> [THE TASK]
Please tally the lines of the listing that hold the string "have", and reply with that total only.

>>>

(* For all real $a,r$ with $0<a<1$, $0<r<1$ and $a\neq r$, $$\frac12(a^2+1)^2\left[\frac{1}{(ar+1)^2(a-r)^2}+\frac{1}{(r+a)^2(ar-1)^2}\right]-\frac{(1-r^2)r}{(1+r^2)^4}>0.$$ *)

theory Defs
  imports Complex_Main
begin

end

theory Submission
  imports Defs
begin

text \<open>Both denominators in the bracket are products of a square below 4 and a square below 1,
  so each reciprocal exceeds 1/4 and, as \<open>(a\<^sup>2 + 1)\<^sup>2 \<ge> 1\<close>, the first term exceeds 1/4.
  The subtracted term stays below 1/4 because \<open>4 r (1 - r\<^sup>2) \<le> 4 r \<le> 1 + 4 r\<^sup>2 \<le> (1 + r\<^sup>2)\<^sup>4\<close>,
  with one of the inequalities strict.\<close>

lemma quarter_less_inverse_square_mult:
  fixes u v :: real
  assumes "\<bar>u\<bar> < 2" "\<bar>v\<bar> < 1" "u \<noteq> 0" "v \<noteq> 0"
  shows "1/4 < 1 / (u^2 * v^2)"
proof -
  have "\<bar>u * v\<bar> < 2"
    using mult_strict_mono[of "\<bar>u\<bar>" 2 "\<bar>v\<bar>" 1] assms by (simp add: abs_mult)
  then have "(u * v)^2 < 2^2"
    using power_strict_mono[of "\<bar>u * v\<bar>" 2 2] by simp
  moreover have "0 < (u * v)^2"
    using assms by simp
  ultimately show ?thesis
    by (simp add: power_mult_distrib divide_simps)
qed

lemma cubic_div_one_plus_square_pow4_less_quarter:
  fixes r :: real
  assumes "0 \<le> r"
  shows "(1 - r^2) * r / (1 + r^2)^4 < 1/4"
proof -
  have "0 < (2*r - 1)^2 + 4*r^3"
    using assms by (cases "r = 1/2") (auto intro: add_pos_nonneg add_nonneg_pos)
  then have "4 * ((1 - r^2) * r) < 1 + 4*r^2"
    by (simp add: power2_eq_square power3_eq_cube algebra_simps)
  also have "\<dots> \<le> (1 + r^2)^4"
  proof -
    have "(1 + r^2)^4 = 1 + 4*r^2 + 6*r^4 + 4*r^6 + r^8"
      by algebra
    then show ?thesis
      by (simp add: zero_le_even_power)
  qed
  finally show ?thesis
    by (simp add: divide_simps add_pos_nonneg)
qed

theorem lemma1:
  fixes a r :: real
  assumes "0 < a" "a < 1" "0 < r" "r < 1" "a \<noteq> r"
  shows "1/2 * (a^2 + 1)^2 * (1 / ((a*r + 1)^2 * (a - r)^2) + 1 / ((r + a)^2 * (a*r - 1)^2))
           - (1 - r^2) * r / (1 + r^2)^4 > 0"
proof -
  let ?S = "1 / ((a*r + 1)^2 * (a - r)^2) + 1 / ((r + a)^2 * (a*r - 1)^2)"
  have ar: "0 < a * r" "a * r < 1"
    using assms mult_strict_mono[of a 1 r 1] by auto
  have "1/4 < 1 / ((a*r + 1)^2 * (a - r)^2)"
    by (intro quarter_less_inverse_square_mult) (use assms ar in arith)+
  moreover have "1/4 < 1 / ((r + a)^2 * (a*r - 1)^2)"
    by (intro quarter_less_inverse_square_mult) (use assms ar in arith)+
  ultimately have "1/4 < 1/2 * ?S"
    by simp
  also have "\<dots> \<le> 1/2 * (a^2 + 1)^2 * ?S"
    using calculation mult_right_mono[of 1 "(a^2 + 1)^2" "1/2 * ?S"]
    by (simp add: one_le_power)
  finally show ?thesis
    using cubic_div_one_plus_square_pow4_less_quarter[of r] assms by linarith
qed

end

<<<
>>>

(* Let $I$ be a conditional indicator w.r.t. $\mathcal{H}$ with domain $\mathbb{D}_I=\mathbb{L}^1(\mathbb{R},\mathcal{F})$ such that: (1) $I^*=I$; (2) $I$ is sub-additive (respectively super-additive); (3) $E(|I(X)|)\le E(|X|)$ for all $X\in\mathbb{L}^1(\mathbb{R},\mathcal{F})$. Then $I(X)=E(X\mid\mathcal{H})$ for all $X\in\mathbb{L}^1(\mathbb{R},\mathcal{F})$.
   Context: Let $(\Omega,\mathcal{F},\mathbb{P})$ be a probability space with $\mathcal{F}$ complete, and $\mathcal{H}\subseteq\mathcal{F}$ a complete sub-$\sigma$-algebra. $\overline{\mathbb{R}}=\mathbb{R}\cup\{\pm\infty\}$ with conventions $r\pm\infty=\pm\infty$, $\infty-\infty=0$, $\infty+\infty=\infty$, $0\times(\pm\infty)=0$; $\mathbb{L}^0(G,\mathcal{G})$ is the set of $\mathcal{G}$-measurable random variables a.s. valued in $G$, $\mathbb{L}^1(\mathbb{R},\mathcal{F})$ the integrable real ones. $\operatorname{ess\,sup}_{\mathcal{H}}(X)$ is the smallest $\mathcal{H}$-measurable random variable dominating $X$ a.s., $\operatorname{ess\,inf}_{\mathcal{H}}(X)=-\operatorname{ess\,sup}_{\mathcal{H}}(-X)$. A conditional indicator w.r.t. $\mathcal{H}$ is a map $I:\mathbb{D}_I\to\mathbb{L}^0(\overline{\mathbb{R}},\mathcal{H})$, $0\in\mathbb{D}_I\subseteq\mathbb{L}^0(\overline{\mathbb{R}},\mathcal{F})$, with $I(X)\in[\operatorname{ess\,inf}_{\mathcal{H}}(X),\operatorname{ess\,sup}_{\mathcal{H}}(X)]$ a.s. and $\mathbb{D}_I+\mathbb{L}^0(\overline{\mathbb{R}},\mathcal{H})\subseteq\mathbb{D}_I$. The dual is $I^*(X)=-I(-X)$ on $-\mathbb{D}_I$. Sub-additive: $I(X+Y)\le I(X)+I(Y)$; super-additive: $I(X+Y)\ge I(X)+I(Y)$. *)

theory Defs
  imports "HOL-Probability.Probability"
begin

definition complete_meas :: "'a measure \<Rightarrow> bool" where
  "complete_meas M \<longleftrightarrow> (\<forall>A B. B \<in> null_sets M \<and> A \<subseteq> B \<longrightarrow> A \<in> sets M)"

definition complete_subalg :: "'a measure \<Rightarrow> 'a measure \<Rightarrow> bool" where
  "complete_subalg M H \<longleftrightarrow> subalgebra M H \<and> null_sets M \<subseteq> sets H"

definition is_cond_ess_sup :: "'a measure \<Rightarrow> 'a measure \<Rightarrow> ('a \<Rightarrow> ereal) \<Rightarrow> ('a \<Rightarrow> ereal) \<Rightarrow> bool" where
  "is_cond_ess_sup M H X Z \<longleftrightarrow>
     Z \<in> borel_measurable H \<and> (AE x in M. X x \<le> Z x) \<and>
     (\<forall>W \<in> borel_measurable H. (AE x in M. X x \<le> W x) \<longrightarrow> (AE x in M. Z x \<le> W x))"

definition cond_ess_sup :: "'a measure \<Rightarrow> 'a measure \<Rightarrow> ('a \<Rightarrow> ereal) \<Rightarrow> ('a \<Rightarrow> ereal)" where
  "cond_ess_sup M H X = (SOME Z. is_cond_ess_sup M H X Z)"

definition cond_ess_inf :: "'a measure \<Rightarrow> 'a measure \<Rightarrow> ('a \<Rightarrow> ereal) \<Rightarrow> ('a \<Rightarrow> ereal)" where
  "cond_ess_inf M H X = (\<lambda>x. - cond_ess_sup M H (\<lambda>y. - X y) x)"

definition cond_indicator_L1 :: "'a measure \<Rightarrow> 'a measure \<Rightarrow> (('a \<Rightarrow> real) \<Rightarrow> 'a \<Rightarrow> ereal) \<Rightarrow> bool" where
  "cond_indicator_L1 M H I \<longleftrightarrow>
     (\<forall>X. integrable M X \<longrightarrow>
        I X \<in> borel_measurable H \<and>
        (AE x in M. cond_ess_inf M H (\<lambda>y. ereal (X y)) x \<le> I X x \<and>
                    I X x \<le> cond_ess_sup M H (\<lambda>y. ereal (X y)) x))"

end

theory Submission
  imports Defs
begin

<<<

> [ANSWER SECTION]
12